The physiology, pharmacology, and trophic effectiveness of synapses formed by autonomic preganglionic nerves on frog skeletal muscle.

Abstract

Frog sartorius muscles, newly denervated and transplanted to the lymph sac of the back, are reinnervated by implanted cholinergic nerves (spinal somatic motor nerves or the preganglionic sympathetic splanchnic nerve), but not by nerves that do not release ACh [acetylcholine] (skin sensory or sympathetic post-ganglionic nerves). Foreign somatic motor nerves (SMN) form synapses that resemble normal sartorius neuromuscular junctions electrophysiologically. Axons of the sympathetic preganglionic splanchnic nerve (SPN) grow throughout the muscle, but only a small percentage of fibers form synapses. Most EPP [end plate potential] are of low quantal content, generally subthreshold. Long onset latencies and multiple post-synaptic responses indicate that innervation is multiple, multi-terminal and by unmyelinated axons. Spontaneous miniature EPP at splanchnic junctions occur at an average rate under 0.1/s. Their average amplitude and time course are about the same as for control muscles, but the variability of amplitudes is greater than for control muscles.
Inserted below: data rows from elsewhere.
text \<open>Interpolate at the nodes \<open>-a, 0, a\<close> with \<open>a = \<surd>2/2\<close>: Newton's formula gives
  \<open>f x = P x + \<omega> x * D x\<close> with \<open>\<omega> x = x (x\<^sup>2 - a\<^sup>2)\<close> and \<open>D x = [-a,0,a,x;f]\<close>. The difference
  quotients of \<open>D\<close> are divided differences of order four, so 3-convexity makes \<open>D\<close> nondecreasing
  and \<open>E x = D x - D (-x)\<close> nonnegative and nondecreasing for \<open>x > 0\<close>. In the even part
  \<open>f x + f (-x) = 2 f 0 + 2 x\<^sup>2 (f a + f (-a) - 2 f 0) + \<omega> x * E x\<close> the last term is \<open>\<le> 0\<close> at
  \<open>x = \<surd>3/3 < a\<close>, which gives the left inequality. Since \<open>\<omega>\<close> changes sign at \<open>a\<close> and \<open>E\<close> is
  monotone, \<open>\<omega> x * E x \<ge> \<omega> x * L\<close> on \<open>[0,1]\<close> for a suitable constant \<open>L\<close>; integrating over
  \<open>[0,1]\<close>, where \<open>\<omega>\<close> has integral zero, gives the right inequality.\<close>

lemma divdiff_3_lagrange:
  assumes "distinct [p, q, r]"
  shows "divdiff [p, q, r] f =
    f p / ((p - q) * (p - r)) + f q / ((q - p) * (q - r)) + f r / ((r - p) * (r - q))"
proof -
  have "p - q \<noteq> 0" "p - r \<noteq> 0" "q - r \<noteq> 0" "q - p \<noteq> 0" "r - p \<noteq> 0" "r - q \<noteq> 0"
    using assms by auto
  then show ?thesis by (simp add: divide_simps mult_eq_0_iff) (simp add: algebra_simps)
qed

lemma divdiff_4_lagrange:
  assumes "distinct [p, q, r, s]"
  shows "divdiff [p, q, r, s] f =
    f p / ((p - q) * (p - r) * (p - s)) + f q / ((q - p) * (q - r) * (q - s)) +
    f r / ((r - p) * (r - q) * (r - s)) + f s / ((s - p) * (s - q) * (s - r))"
proof -
  have nz: "p - q \<noteq> 0" "p - r \<noteq> 0" "q - r \<noteq> 0" "q - p \<noteq> 0" "r - p \<noteq> 0" "r - q \<noteq> 0"
    "p - s \<noteq> 0" "q - s \<noteq> 0" "r - s \<noteq> 0" "s - p \<noteq> 0" "s - q \<noteq> 0" "s - r \<noteq> 0"
    using assms by auto
  have "distinct [q, r, s]" "distinct [p, q, r]" using assms by auto
  have "divdiff [p, q, r, s] f = (divdiff [q, r, s] f - divdiff [p, q, r] f) / (s - p)"
    by simp
  also have "\<dots> =
      f p * (- 1 / ((p - q) * (p - r)) / (s - p)) +
      f q * ((1 / ((q - r) * (q - s)) - 1 / ((q - p) * (q - r))) / (s - p)) +
      f r * ((1 / ((r - q) * (r - s)) - 1 / ((r - p) * (r - q))) / (s - p)) +
      f s * (1 / ((s - q) * (s - r)) / (s - p))"
    unfolding divdiff_3_lagrange[OF \<open>distinct [q, r, s]\<close>] divdiff_3_lagrange[OF \<open>distinct [p, q, r]\<close>]
    by (simp only: divide_inverse) algebra
  also have "\<dots> = f p / ((p - q) * (p - r) * (p - s)) + f q / ((q - p) * (q - r) * (q - s)) +
      f r / ((r - p) * (r - q) * (r - s)) + f s / ((s - p) * (s - q) * (s - r))"
  proof -
    have "- 1 / ((p - q) * (p - r)) / (s - p) = 1 / ((p - q) * (p - r) * (p - s))"
      "(1 / ((q - r) * (q - s)) - 1 / ((q - p) * (q - r))) / (s - p) = 1 / ((q - p) * (q - r) * (q - s))"
      "(1 / ((r - q) * (r - s)) - 1 / ((r - p) * (r - q))) / (s - p) = 1 / ((r - p) * (r - q) * (r - s))"
      "1 / ((s - q) * (s - r)) / (s - p) = 1 / ((s - p) * (s - q) * (s - r))"
      using nz by (simp_all add: divide_simps mult_eq_0_iff; simp add: algebra_simps)+
    then show ?thesis by simp
  qed
  finally show ?thesis .
qed

lemma divdiff_4_rotate:
  assumes "distinct [s, p, q, r]"
  shows "divdiff [s, p, q, r] f = divdiff [p, q, r, s] f"
proof -
  have "distinct [p, q, r, s]" using assms by auto
  then show ?thesis
    unfolding divdiff_4_lagrange[OF assms] divdiff_4_lagrange[OF \<open>distinct [p, q, r, s]\<close>]
    by (simp add: mult_ac add_ac)
qed

lemma divdiff_5_common_nodes:
  assumes "distinct [x, p, q, r, y]"
  shows "divdiff [x, p, q, r, y] f = (divdiff [p, q, r, y] f - divdiff [p, q, r, x] f) / (y - x)"
  using divdiff_4_rotate[of x p q r f] assms by simp

text \<open>No restriction on \<open>x\<close> is needed: at a node the four-point divided difference is a junk
  value, but it is multiplied by zero.\<close>

lemma newton_interpolation_3:
  assumes "distinct [p, q, r]"
  shows "f x = f p + (x - p) * divdiff [p, q] f + (x - p) * (x - q) * divdiff [p, q, r] f
    + (x - p) * (x - q) * (x - r) * divdiff [p, q, r, x] f"
proof (cases "x \<in> {p, q, r}")
  case True
  have nz: "p - q \<noteq> 0" "p - r \<noteq> 0" "q - r \<noteq> 0" "q - p \<noteq> 0" "r - p \<noteq> 0" "r - q \<noteq> 0"
    using assms by auto
  have "f r = f p + (r - p) * ((f q - f p) / (q - p)) + (r - p) * (r - q) * divdiff [p, q, r] f"
    unfolding divdiff_3_lagrange[OF assms] using nz
    by (simp add: divide_simps mult_eq_0_iff) (simp add: algebra_simps)
  with True nz show ?thesis by auto
next
  case False
  then have dist: "distinct [p, q, r, x]" using assms by auto
  have nz: "x - p \<noteq> 0" "x - q \<noteq> 0" "x - r \<noteq> 0" "p - q \<noteq> 0" "p - r \<noteq> 0" "q - r \<noteq> 0"
    using dist by auto
  have inv: "(x - p) * inverse (x - p) = 1" "(x - q) * inverse (x - q) = 1"
    "(x - r) * inverse (x - r) = 1" "(p - q) * inverse (p - q) = 1"
    "(p - r) * inverse (p - r) = 1" "(q - r) * inverse (q - r) = 1"
    using nz by auto
  have neg: "inverse (p - x) = - inverse (x - p)" "inverse (q - x) = - inverse (x - q)"
    "inverse (r - x) = - inverse (x - r)" "inverse (q - p) = - inverse (p - q)"
    "inverse (r - p) = - inverse (p - r)" "inverse (r - q) = - inverse (q - r)"
    by (simp_all flip: inverse_minus_eq)
  have "divdiff [p, q] f = (f q - f p) / (q - p)" by simp
  then show ?thesis
    unfolding divdiff_4_lagrange[OF dist] divdiff_3_lagrange[OF assms]
    by (simp only: divide_inverse inverse_mult_distrib neg) (use inv in algebra)
qed

lemma mono_on_divdiff_if_3_convex:
  assumes "m_convex_on 3 I f" "distinct [p, q, r]" "{p, q, r} \<subseteq> I"
  shows "mono_on (I - {p, q, r}) (\<lambda>x. divdiff [p, q, r, x] f)"
proof (rule mono_onI)
  fix x y assume xy: "x \<in> I - {p, q, r}" "y \<in> I - {p, q, r}" "x \<le> y"
  show "divdiff [p, q, r, x] f \<le> divdiff [p, q, r, y] f"
  proof (cases "x = y")
    case False
    with xy assms have dist: "distinct [x, p, q, r, y]" "x < y" by auto
    with xy assms have "divdiff [x, p, q, r, y] f \<ge> 0"
      unfolding m_convex_on_def by (auto elim!: allE[of _ "[x, p, q, r, y]"])
    with dist show ?thesis by (simp only: divdiff_5_common_nodes zero_le_divide_iff) simp
  qed simp
qed

lemma mono_on_extend_to_Icc:
  fixes h :: "'a::linorder \<Rightarrow> 'b::conditionally_complete_linorder"
  assumes "mono_on S h" "S \<subseteq> {lo..hi}" "lo \<in> S" "hi \<in> S"
  obtains g where "mono_on {lo..hi} g" "\<And>x. x \<in> S \<Longrightarrow> g x = h x"
proof
  define g where "g x = Sup (h ` (S \<inter> {..x}))" for x
  have bdd: "bdd_above (h ` (S \<inter> {..x}))" for x
    using assms by (intro bdd_aboveI[of _ "h hi"]) (auto simp: mono_on_def)
  show "mono_on {lo..hi} g"
    unfolding g_def using assms bdd by (intro mono_onI cSup_subset_mono) auto
  show "g x = h x" if "x \<in> S" for x
    unfolding g_def using assms that
    by (intro cSup_eq_maximum) (auto simp: mono_on_def)
qed

lemma integrable_on_continuous_mult_mono_on:
  fixes w g :: "real \<Rightarrow> real"
  assumes "continuous_on {c..d} w" "mono_on {c..d} g"
  shows "(\<lambda>x. w x * g x) integrable_on {c..d}"
proof -
  obtain B where B: "\<And>x. x \<in> {c..d} \<Longrightarrow> \<bar>w x\<bar> \<le> B"
    using compact_continuous_image[OF assms(1)] compact_imp_bounded
    by (metis bounded_real imageI compact_Icc)
  have g: "integrable (lebesgue_on {c..d}) g"
    using assms(2) by (rule integrable_mono_on)
  have "integrable (lebesgue_on {c..d}) (\<lambda>x. w x * g x)"
  proof (rule Bochner_Integration.integrable_bound)
    show "integrable (lebesgue_on {c..d}) (\<lambda>x. B * g x)"
      using g by simp
    have "w \<in> borel_measurable (lebesgue_on {c..d})"
      using assms(1) by (simp add: continuous_imp_measurable_on_sets_lebesgue)
    moreover have "g \<in> borel_measurable (lebesgue_on {c..d})"
      using g by (rule borel_measurable_integrable)
    ultimately show "(\<lambda>x. w x * g x) \<in> borel_measurable (lebesgue_on {c..d})"
      by measurable
    show "AE x in lebesgue_on {c..d}. norm (w x * g x) \<le> norm (B * g x)"
      by (rule AE_I2) (use B in \<open>force simp: abs_mult intro!: mult_right_mono\<close>)
  qed
  then show ?thesis by (simp add: integrable_on_lebesgue_on)
qed

lemma integrable_on_if_3_convex:
  fixes f :: "real \<Rightarrow> real"
  assumes "m_convex_on 3 {c..d} f"
  shows "f integrable_on {c..d}"
proof (cases "c < d")
  case False
  then show ?thesis
    by (metis atLeastatMost_empty' integrable_on_empty integrable_on_refl cbox_interval
        linorder_neqE_linordered_idom not_less)
next
  case True
  define p where "p = c + (d - c) / 4"
  define q where "q = c + (d - c) / 2"
  define r where "r = c + 3 * (d - c) / 4"
  have nodes: "distinct [p, q, r]" "{p, q, r} \<subseteq> {c..d}" "c \<notin> {p, q, r}" "d \<notin> {p, q, r}"
    using True by (auto simp: p_def q_def r_def field_simps)
  have "mono_on ({c..d} - {p, q, r}) (\<lambda>x. divdiff [p, q, r, x] f)"
    using assms nodes(1,2) by (rule mono_on_divdiff_if_3_convex)
  then obtain g where g: "mono_on {c..d} g"
    and g_eq: "\<And>x. x \<in> {c..d} - {p, q, r} \<Longrightarrow> g x = divdiff [p, q, r, x] f"
    by (rule mono_on_extend_to_Icc) (use nodes True in auto)
  \<comment> \<open>at the nodes \<open>?\<omega>\<close> vanishes, so the monotone extension \<open>g\<close> can replace the divided difference\<close>
  let ?N = "\<lambda>x. f p + (x - p) * divdiff [p, q] f + (x - p) * (x - q) * divdiff [p, q, r] f"
  let ?\<omega> = "\<lambda>x. (x - p) * (x - q) * (x - r)"
  have "(\<lambda>x. ?N x + ?\<omega> x * g x) integrable_on {c..d}"
    by (intro integrable_add integrable_continuous_interval integrable_on_continuous_mult_mono_on g
        continuous_intros)
  moreover have "?N x + ?\<omega> x * g x = f x" if "x \<in> {c..d}" for x
  proof -
    have "?\<omega> x * g x = ?\<omega> x * divdiff [p, q, r, x] f"
      using g_eq[of x] that by (cases "x \<in> {p, q, r}") auto
    then show ?thesis using newton_interpolation_3[OF nodes(1), of f x] by linarith
  qed
  ultimately show ?thesis by (rule integrable_eq)
qed

lemma even_part_newton_interpolation:
  fixes f :: "real \<Rightarrow> real"
  assumes "a \<noteq> 0"
  shows "f x + f (- x) = 2 * f 0 + (x / a)\<^sup>2 * (f a + f (- a) - 2 * f 0)
    + x * (x\<^sup>2 - a\<^sup>2) * (divdiff [- a, 0, a, x] f - divdiff [- a, 0, a, - x] f)"
proof -
  have nodes: "distinct [- a, 0, a]" using assms by auto
  define B where "B = divdiff [- a, 0] f"
  define C where "C = divdiff [- a, 0, a] f"
  define D where "D y = divdiff [- a, 0, a, y] f" for y
  have aB: "a * B = f 0 - f (- a)" using assms by (simp add: B_def field_simps)
  have C: "2 * a\<^sup>2 * C = f a + f (- a) - 2 * f 0"
    using assms by (simp add: C_def divdiff_3_lagrange[OF nodes] field_simps power2_eq_square)
  have newton: "f y = f (- a) + (y + a) * B + (y + a) * y * C + (y + a) * y * (y - a) * D y" for y
    using newton_interpolation_3[OF nodes, of f y] by (simp add: B_def C_def D_def)
  have "f x + f (- x) = 2 * (f (- a) + a * B) + 2 * x\<^sup>2 * C + x * (x\<^sup>2 - a\<^sup>2) * (D x - D (- x))"
    using newton[of x] newton[of "- x"] by (simp add: algebra_simps power2_eq_square)
  also have "2 * x\<^sup>2 * C = (x / a)\<^sup>2 * (2 * a\<^sup>2 * C)"
    using assms by (simp add: power_divide)
  finally show ?thesis by (simp only: aB C D_def) simp
qed

lemma sign_change_mult_bound:
  fixes E w :: "'a::linorder \<Rightarrow> real"
  assumes "mono_on T E" "x\<^sub>0 \<in> T" "x\<^sub>0 < a" "y\<^sub>0 \<in> T" "a < y\<^sub>0"
    and "\<And>x. x \<in> T \<Longrightarrow> x \<le> a \<Longrightarrow> w x \<le> 0" "\<And>x. x \<in> T \<Longrightarrow> a \<le> x \<Longrightarrow> 0 \<le> w x"
  obtains L where "\<And>x. x \<in> T \<Longrightarrow> w x * L \<le> w x * E x"
proof
  define L where "L = Sup (E ` {x \<in> T. x < a})"
  fix x assume x: "x \<in> T"
  consider "x < a" | "x = a" | "a < x" by fastforce
  then show "w x * L \<le> w x * E x"
  proof cases
    case 1
    have "bdd_above (E ` {x \<in> T. x < a})"
      using assms by (intro bdd_aboveI[of _ "E y\<^sub>0"]) (auto simp: mono_on_def)
    with x 1 have "E x \<le> L" unfolding L_def by (intro cSUP_upper) auto
    with x 1 assms(6) show ?thesis by (intro mult_left_mono_neg) auto
  next
    case 2
    with x assms(6,7) have "w x = 0" by (intro order_antisym) auto
    then show ?thesis by simp
  next
    case 3
    have "L \<le> E x"
      unfolding L_def using assms x 3 by (intro cSUP_least) (auto simp: mono_on_def)
    with x 3 assms(7) show ?thesis by (intro mult_left_mono) auto
  qed
qed

lemma has_integral_cubic_0_1:
  fixes y k l a :: real
  assumes "a \<noteq> 0"
  shows "((\<lambda>x. 2 * y + (x / a)\<^sup>2 * k + x * (x\<^sup>2 - a\<^sup>2) * l) has_integral
    2 * y + k / (3 * a\<^sup>2) + l * (1 / 4 - a\<^sup>2 / 2)) {0..1}"
proof -
  define F where "F x = 2 * y * x + k * x ^ 3 / (3 * a\<^sup>2) + l * (x ^ 4 / 4 - a\<^sup>2 * x\<^sup>2 / 2)" for x
  have "((\<lambda>x. 2 * y + (x / a)\<^sup>2 * k + x * (x\<^sup>2 - a\<^sup>2) * l) has_integral F 1 - F 0) {0..1}"
  proof (rule fundamental_theorem_of_calculus)
    fix x :: real
    have "(F has_real_derivative 2 * y + (x / a)\<^sup>2 * k + x * (x\<^sup>2 - a\<^sup>2) * l) (at x within {0..1})"
      unfolding F_def using assms
      by (auto intro!: derivative_eq_intros simp: field_simps power2_eq_square power3_eq_cube)
    then show "(F has_vector_derivative 2 * y + (x / a)\<^sup>2 * k + x * (x\<^sup>2 - a\<^sup>2) * l)
        (at x within {0..1})"
      by (simp add: has_real_derivative_iff_has_vector_derivative)
  qed simp
  then show ?thesis by (simp add: F_def)
qed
The amount of facilitation shown by SPN-evoked EPP is the same as by s.m.n. EPP, but the time course is almost twice as long. SPN-reinnervated fibers show dramatic post-tetanic potentiation proceeded by depression, following as few as 20-50 stimuli. As judged by standard physiological and histochemical criteria, ACh esterase is absent at SPN junctions. The pharmacological responses of the SPN junctions are similar to those of normal or foreign SMN innervated neuromuscular junctions in their sensitivity to the cholinergic blocking agents D-tubocurarine and hexamethonium. The SPN is capable of restricting ACh sensitivity to the sites of nerve contacts, although this restriction occurs more slowly and less completely than with SMN reinnervation. The loss of extrajunctional ACh sensitivity can be correlated with effectiveness of innervation; but significant restriction occurs even in SPN reinnervated fibers that probably never contract to nerve stimulation.